*Task instructions*. The expected output is exactly the lines below, starting at the line with "using coincidence_gap_small[of t" and ending at the line with "real by simp", both included; no other line belongs in it.

[Source records]

-- Opening Marker --

lemma coincidence_regular:
  assumes "t \<in> coincidences (Suc k) m"
  shows "8 * b ^ m \<le> t ^ k"
proof -
  obtain y y' where t: "0 < t" "t < 1/9" and y: "y \<in> attractor b t" "y' \<in> attractor b t"
    and eq: "t ^ Suc k * S3 y = b ^ m * S3 y'"
    using assms unfolding coincidences_def by blast
  have "y \<in> {0..1}" "y' \<in> {0..1}"
    using y attractor_subset_unit_interval[of t] t by auto
  then have "b ^ m * (8/9) \<le> b ^ m * S3 y'" "t ^ Suc k * S3 y \<le> t ^ Suc k * 1"
    using b_pos t by (auto intro!: mult_left_mono simp: S3_def)
  then have "b ^ m * (8/9) \<le> t * t ^ k" using eq by simp
  also have "\<dots> \<le> 1/9 * t ^ k" using t by (intro mult_right_mono) auto
  finally show ?thesis by simp
qed

definition word_weight :: "nat list \<Rightarrow> real" where
  "word_weight w = (\<Prod>i\<leftarrow>w. ifs_ratio (1/9) i)"

lemma prod_ifs_ratio_le_word_weight:
  assumes "0 \<le> t" "t \<le> 1/9"
  shows "0 \<le> (\<Prod>i\<leftarrow>w. ifs_ratio t i)" "(\<Prod>i\<leftarrow>w. ifs_ratio t i) \<le> word_weight w"
proof -
  show "0 \<le> (\<Prod>i\<leftarrow>w. ifs_ratio t i)"
    using ifs_ratio_nonneg[OF assms(1)] by (intro prod_list_nonneg) auto
  show "(\<Prod>i\<leftarrow>w. ifs_ratio t i) \<le> word_weight w"
    unfolding word_weight_def using ifs_ratio_nonneg[OF assms(1)] ifs_ratio_le[OF assms(2)]
    by (intro prod_list_map_mono) auto
qed

lemma word_weight_nonneg: "0 \<le> word_weight w"
  using prod_ifs_ratio_le_word_weight(1)[of "1/9" w] by (simp add: word_weight_def)

lemma sum_word_weight: "(\<Sum>w\<in>words {0, 1, 2} L. word_weight w) = (2/9 + b) ^ L"
  unfolding word_weight_def by (simp add: sum_words_prod_list ifs_ratio_def)

lemma coincidence_gap_small:
  assumes "t \<in> coincidences n m"
  shows "\<exists>w\<in>words {0, 1, 2} L. \<exists>w'\<in>words {0, 1, 2} L.
    \<bar>gap n m w w' t\<bar> \<le> word_weight w + word_weight w'"
proof -
  obtain y y' where t: "0 < t" "t < 1/9" and y: "y \<in> attractor b t" "y' \<in> attractor b t"
    and eq: "t ^ n * S3 y = b ^ m * S3 y'"
    using assms unfolding coincidences_def by blast
  have t': "0 \<le> t" "t \<le> 1/9" using t by auto
  obtain w x where w: "w \<in> words {0, 1, 2} L" "x \<in> {0..1}" "y = word_map (ifs t) w x"
    using y(1) attractor_subset_words[OF t', of L] by blast
  obtain w' x' where w': "w' \<in> words {0, 1, 2} L" "x' \<in> {0..1}" "y' = word_map (ifs t) w' x'"
    using y(2) attractor_subset_words[OF t', of L] by blast
  define u where "u = t ^ n * ((\<Prod>i\<leftarrow>w. ifs_ratio t i) * x)"
  define u' where "u' = b ^ m * ((\<Prod>i\<leftarrow>w'. ifs_ratio t i) * x')"
  have "gap n m w w' t = (t ^ n * S3 y - u / 9) - (b ^ m * S3 y' - u' / 9)"
    unfolding gap_def u_def u'_def w(3) w'(3)
    by (subst (1 2) word_map_ifs_affine) (simp add: S3_def algebra_simps add_divide_distrib)
  then have gap_eq: "gap n m w w' t = u' / 9 - u / 9" using eq by simp
  have bound: "0 \<le> c * (r * z) \<and> c * (r * z) \<le> r'"
    if "0 \<le> c" "c \<le> 1" "0 \<le> r" "r \<le> r'" "z \<in> {0..1}" for c r r' z :: real
  proof -
    have "c * (r * z) \<le> 1 * (r' * 1)" using that by (intro mult_mono) auto
    then show ?thesis using that by simp
  qed
  have "0 \<le> u \<and> u \<le> word_weight w"
    unfolding u_def using t' w(2) prod_ifs_ratio_le_word_weight[OF t', of w]
    by (intro bound) (auto intro: power_le_one)
  moreover have "0 \<le> u' \<and> u' \<le> word_weight w'"
    unfolding u'_def using b_pos b_small w'(2) prod_ifs_ratio_le_word_weight[OF t', of w']
    by (intro bound) (auto intro: power_le_one)
  ultimately have "\<bar>gap n m w w' t\<bar> \<le> word_weight w + word_weight w'"
    unfolding gap_eq by (simp add: abs_le_iff)
  then show ?thesis using w(1) w'(1) by blast
qed

definition gap_sublevel :: "nat \<Rightarrow> nat \<Rightarrow> nat list \<Rightarrow> nat list \<Rightarrow> real set" where
  "gap_sublevel k m w w' = {t. 0 < t \<and> t < 1/9 \<and> 8 * b ^ m \<le> t ^ k \<and>
     \<bar>gap (Suc k) m w w' t\<bar> \<le> word_weight w + word_weight w'}"

lemma coincidences_subset_gap_sublevels:
  "coincidences (Suc k) m
    \<subseteq> (\<Union>p\<in>words {0, 1, 2} L \<times> words {0, 1, 2} L. gap_sublevel k m (fst p) (snd p))"
proof
  fix t assume t: "t \<in> coincidences (Suc k) m"
  then obtain w w' where "w \<in> words {0, 1, 2} L" "w' \<in> words {0, 1, 2} L"
    "\<bar>gap (Suc k) m w w' t\<bar> \<le> word_weight w + word_weight w'"
    using coincidence_gap_small[of t _ _ L] by blast
  moreover have "0 < t \<and> t < 1/9" using t unfolding coincidences_def by blast
  ultimately show "t \<in> (\<Union>p\<in>words {0, 1, 2} L \<times> words {0, 1, 2} L. gap_sublevel k m (fst p) (snd p))"
    using coincidence_regular[OF t] unfolding gap_sublevel_def by force
qed

lemma gap_sublevel_outer_measure:
  "\<exists>T. gap_sublevel k m w w' \<subseteq> T \<and> T \<in> lmeasurable \<and>
    measure lebesgue T \<le> (word_weight w + word_weight w') / b ^ m"
proof -
  let ?E = "gap_sublevel k m w w'"
  have "0 < 4 * b ^ m" using b_pos by simp
  moreover have "0 \<le> word_weight w + word_weight w'"
    using word_weight_nonneg by (simp add: add_nonneg_nonneg)
  moreover have "4 * b ^ m * (t - s) \<le> gap (Suc k) m w w' t - gap (Suc k) m w w' s"
    if "s \<in> ?E" "t \<in> ?E" "s < t" for s t
    using that by (intro gap_steep) (auto simp: gap_sublevel_def)
  moreover have "\<bar>gap (Suc k) m w w' t\<bar> \<le> word_weight w + word_weight w'" if "t \<in> ?E" for t
    using that by (simp add: gap_sublevel_def)
  ultimately have "\<exists>T. ?E \<subseteq> T \<and> T \<in> lmeasurable \<and>
      measure lebesgue T \<le> 4 * (word_weight w + word_weight w') / (4 * b ^ m)"
    by (rule steep_function_small_values_outer_measure)
  moreover have "4 * r / (4 * b ^ m) = r / b ^ m" for r :: real by simp
  ultimately show ?thesis by (simp only:)
qed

-- Closing Marker --

*Response*.
    using coincidence_gap_small[of t _ _ L] by blast
  moreover have "0 < t \<and> t < 1/9" using t unfolding coincidences_def by blast
  ultimately show "t \<in> (\<Union>p\<in>words {0, 1, 2} L \<times> words {0, 1, 2} L. gap_sublevel k m (fst p) (snd p))"
    using coincidence_regular[OF t] unfolding gap_sublevel_def by force
qed

lemma gap_sublevel_outer_measure:
  "\<exists>T. gap_sublevel k m w w' \<subseteq> T \<and> T \<in> lmeasurable \<and>
    measure lebesgue T \<le> (word_weight w + word_weight w') / b ^ m"
proof -
  let ?E = "gap_sublevel k m w w'"
  have "0 < 4 * b ^ m" using b_pos by simp
  moreover have "0 \<le> word_weight w + word_weight w'"
    using word_weight_nonneg by (simp add: add_nonneg_nonneg)
  moreover have "4 * b ^ m * (t - s) \<le> gap (Suc k) m w w' t - gap (Suc k) m w w' s"
    if "s \<in> ?E" "t \<in> ?E" "s < t" for s t
    using that by (intro gap_steep) (auto simp: gap_sublevel_def)
  moreover have "\<bar>gap (Suc k) m w w' t\<bar> \<le> word_weight w + word_weight w'" if "t \<in> ?E" for t
    using that by (simp add: gap_sublevel_def)
  ultimately have "\<exists>T. ?E \<subseteq> T \<and> T \<in> lmeasurable \<and>
      measure lebesgue T \<le> 4 * (word_weight w + word_weight w') / (4 * b ^ m)"
    by (rule steep_function_small_values_outer_measure)
  moreover have "4 * r / (4 * b ^ m) = r / b ^ m" for r :: real by simp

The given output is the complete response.